--- RECORDS SHOWN Enclosed Below ---

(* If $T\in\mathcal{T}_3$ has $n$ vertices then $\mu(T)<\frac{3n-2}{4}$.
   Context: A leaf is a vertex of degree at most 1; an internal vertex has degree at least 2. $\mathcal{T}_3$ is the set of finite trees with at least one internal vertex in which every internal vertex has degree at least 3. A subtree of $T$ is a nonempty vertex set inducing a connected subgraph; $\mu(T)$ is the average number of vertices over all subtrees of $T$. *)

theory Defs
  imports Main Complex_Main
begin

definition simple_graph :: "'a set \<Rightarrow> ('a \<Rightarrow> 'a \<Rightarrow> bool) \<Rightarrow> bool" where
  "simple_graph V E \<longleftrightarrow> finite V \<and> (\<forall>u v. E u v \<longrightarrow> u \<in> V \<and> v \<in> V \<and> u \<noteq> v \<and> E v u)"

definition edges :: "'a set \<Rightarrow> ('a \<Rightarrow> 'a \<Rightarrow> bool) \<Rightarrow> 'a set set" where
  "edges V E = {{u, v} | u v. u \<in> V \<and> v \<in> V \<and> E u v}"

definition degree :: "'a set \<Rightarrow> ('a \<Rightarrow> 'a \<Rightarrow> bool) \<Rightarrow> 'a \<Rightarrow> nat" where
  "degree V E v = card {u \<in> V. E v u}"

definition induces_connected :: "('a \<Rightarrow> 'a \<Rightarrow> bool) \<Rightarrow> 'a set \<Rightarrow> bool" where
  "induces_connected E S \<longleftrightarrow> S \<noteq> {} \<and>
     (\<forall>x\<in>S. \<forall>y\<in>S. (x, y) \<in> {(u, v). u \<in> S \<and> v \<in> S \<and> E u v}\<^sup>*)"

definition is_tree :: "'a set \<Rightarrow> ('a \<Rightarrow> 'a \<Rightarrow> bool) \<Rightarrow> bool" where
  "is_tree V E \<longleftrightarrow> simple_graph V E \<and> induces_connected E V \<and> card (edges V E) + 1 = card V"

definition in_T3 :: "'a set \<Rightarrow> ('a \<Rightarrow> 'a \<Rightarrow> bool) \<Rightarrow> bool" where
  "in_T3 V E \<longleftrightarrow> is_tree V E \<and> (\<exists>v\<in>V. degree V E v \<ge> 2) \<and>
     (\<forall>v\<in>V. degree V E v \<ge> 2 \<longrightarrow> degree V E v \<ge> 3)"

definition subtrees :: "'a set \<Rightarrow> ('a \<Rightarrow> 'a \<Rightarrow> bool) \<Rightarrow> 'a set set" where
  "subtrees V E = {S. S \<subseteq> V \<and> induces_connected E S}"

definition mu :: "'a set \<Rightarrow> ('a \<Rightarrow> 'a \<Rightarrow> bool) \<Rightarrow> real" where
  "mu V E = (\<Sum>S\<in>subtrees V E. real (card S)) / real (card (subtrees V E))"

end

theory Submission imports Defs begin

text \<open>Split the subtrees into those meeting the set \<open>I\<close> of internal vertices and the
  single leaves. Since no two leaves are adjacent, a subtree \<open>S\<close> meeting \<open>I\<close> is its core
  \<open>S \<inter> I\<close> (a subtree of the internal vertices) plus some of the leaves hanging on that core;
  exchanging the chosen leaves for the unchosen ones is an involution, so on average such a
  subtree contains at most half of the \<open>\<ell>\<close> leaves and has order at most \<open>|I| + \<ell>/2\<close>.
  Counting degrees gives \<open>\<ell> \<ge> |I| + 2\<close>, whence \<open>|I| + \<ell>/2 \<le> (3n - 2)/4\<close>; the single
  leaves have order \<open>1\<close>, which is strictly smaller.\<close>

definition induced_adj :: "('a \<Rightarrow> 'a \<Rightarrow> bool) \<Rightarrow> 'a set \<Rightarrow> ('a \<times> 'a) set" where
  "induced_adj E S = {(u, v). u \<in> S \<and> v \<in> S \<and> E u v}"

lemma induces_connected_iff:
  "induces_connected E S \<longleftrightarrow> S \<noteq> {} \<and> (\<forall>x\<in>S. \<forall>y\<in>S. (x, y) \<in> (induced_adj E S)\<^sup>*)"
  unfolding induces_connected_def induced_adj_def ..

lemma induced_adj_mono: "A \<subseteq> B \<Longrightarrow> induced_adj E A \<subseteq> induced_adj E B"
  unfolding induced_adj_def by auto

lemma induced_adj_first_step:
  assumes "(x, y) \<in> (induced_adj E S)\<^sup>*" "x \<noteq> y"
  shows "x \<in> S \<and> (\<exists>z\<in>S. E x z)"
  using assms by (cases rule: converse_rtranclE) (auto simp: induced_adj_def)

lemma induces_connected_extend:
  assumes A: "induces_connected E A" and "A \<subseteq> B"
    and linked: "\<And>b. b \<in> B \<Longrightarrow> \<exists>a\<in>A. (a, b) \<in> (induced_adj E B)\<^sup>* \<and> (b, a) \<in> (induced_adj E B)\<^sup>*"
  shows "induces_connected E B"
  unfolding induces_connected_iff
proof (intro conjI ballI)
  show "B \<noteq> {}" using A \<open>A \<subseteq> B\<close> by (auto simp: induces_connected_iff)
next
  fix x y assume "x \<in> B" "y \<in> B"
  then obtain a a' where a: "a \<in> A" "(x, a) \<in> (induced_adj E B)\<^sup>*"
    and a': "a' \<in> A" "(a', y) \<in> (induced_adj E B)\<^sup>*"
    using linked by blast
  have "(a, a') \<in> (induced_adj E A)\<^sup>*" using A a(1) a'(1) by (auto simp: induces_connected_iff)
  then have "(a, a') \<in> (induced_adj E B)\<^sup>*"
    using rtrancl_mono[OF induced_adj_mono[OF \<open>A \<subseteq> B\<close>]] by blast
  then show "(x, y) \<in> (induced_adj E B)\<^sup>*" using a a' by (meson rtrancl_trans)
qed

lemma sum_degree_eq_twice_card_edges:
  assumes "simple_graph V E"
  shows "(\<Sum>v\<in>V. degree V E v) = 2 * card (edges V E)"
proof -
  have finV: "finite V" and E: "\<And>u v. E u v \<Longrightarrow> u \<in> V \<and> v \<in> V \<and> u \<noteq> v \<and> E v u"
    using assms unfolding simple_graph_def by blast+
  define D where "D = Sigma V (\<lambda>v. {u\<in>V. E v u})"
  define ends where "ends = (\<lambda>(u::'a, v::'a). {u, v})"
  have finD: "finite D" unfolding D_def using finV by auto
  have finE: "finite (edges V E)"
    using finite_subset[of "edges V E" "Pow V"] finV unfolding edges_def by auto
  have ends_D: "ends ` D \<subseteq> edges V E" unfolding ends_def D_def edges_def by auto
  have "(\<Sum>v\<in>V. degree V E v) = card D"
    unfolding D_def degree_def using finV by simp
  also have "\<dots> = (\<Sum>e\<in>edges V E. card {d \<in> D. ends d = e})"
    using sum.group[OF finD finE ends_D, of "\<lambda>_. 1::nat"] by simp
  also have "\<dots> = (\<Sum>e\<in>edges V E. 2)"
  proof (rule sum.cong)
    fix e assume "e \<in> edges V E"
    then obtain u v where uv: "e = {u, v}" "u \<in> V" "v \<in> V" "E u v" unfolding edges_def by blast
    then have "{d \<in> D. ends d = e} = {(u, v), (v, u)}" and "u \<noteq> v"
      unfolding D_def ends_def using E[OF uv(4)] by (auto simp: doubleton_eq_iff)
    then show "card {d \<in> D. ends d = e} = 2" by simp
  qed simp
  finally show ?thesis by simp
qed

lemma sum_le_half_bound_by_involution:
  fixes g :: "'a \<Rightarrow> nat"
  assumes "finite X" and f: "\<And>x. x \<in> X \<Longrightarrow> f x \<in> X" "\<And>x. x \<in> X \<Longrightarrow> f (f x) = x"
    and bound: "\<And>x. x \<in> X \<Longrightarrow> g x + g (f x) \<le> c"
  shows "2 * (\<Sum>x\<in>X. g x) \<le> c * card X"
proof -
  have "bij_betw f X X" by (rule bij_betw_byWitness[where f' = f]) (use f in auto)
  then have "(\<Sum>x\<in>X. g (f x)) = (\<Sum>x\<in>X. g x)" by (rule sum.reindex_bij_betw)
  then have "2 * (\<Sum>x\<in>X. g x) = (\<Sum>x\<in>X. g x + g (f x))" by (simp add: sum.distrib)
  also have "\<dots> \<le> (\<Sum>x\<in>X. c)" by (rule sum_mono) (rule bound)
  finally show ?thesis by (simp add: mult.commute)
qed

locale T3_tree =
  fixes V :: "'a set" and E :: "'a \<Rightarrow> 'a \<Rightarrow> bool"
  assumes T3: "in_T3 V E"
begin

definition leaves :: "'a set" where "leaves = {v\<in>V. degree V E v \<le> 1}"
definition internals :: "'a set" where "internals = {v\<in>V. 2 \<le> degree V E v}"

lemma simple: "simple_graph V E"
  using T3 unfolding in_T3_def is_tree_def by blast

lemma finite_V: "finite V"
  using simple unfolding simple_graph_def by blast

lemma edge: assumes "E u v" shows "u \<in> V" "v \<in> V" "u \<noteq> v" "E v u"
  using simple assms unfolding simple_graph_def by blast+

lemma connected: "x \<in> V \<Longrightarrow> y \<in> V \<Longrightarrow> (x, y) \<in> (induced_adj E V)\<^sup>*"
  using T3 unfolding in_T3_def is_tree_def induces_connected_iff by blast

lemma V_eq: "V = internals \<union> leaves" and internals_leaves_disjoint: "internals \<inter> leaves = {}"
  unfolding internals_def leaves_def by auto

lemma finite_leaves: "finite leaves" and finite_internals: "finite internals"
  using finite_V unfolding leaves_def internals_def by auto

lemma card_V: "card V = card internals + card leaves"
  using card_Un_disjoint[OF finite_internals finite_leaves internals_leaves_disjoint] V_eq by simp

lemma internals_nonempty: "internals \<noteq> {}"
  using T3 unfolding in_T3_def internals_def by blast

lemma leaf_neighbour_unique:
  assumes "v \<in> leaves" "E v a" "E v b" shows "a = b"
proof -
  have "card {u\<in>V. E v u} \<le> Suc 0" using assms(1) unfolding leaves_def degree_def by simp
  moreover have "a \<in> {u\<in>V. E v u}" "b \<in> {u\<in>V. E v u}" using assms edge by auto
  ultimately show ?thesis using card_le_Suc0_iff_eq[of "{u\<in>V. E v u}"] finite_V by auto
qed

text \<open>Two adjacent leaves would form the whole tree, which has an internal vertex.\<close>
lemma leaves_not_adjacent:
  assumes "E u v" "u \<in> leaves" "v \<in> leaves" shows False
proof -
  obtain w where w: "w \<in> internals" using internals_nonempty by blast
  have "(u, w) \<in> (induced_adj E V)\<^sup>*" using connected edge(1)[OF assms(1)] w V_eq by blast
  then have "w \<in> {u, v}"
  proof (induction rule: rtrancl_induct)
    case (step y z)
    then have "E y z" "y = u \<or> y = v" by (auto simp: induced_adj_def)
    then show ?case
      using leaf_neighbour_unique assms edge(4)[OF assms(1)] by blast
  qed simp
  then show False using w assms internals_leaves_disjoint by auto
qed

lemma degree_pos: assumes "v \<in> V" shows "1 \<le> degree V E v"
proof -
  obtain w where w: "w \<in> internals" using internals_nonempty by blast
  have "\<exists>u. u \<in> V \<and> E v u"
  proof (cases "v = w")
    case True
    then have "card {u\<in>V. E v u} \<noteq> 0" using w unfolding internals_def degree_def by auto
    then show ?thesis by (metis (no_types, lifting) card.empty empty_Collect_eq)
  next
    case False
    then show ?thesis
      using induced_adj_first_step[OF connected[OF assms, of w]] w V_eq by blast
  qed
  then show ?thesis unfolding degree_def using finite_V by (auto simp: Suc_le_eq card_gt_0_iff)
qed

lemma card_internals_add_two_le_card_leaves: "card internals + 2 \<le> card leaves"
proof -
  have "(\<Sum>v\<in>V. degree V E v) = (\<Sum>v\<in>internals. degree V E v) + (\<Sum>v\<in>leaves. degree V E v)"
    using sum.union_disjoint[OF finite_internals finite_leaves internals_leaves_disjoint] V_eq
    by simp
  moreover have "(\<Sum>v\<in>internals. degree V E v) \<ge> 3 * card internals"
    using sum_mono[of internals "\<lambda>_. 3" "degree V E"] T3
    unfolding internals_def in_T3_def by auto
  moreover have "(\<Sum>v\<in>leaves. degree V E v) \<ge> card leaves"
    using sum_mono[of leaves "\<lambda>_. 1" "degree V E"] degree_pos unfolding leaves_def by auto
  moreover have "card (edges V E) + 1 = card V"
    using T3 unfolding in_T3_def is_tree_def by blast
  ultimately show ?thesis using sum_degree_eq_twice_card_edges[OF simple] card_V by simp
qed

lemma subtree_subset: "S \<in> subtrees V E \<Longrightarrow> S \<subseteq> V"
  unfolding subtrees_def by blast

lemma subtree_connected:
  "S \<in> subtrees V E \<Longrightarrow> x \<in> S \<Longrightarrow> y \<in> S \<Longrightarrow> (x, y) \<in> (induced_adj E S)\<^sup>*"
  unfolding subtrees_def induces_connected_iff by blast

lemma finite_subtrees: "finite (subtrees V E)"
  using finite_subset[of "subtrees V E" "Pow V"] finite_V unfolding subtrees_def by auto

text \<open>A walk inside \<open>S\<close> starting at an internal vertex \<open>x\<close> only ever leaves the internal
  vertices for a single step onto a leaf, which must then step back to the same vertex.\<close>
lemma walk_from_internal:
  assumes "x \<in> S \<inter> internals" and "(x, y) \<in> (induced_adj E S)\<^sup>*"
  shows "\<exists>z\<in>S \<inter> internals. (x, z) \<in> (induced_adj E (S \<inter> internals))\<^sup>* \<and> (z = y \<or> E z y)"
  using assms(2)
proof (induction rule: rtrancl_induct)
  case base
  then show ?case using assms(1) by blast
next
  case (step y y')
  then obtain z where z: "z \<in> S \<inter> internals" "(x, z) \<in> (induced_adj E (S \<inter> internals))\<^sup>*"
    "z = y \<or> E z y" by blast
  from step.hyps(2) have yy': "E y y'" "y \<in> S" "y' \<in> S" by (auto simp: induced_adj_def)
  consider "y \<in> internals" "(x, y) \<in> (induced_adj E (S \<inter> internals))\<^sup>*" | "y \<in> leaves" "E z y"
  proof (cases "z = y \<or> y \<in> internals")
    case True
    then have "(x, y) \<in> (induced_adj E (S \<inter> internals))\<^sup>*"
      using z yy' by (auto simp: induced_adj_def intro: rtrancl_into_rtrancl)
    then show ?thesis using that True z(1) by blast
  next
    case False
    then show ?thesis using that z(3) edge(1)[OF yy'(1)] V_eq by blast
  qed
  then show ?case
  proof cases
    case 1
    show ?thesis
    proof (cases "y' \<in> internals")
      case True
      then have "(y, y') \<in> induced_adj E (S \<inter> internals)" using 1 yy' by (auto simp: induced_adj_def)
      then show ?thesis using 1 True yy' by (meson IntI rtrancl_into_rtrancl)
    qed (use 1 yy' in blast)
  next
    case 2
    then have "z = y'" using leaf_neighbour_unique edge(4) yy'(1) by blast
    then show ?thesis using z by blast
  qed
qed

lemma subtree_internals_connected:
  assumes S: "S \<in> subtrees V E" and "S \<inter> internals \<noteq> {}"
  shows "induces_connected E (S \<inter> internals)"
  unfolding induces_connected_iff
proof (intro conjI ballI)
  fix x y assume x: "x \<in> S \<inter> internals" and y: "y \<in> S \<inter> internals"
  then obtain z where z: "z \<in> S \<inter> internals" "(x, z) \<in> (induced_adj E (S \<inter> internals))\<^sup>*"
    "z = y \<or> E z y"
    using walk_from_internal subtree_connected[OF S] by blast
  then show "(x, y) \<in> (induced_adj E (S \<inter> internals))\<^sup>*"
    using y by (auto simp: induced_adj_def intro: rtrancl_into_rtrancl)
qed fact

--- End of Enclosed RECORDS SHOWN ---

PROBLEM TO SOLVE -
Out of the entries, pull every line that mentions "which".

RESULT BELOW -
   Context: A leaf is a vertex of degree at most 1; an internal vertex has degree at least 2. $\mathcal{T}_3$ is the set of finite trees with at least one internal vertex in which every internal vertex has degree at least 3. A subtree of $T$ is a nonempty vertex set inducing a connected subgraph; $\mu(T)$ is the average number of vertices over all subtrees of $T$. *)
  leaves have order \<open>1\<close>, which is strictly smaller.\<close>
text \<open>Two adjacent leaves would form the whole tree, which has an internal vertex.\<close>
  vertices for a single step onto a leaf, which must then step back to the same vertex.\<close>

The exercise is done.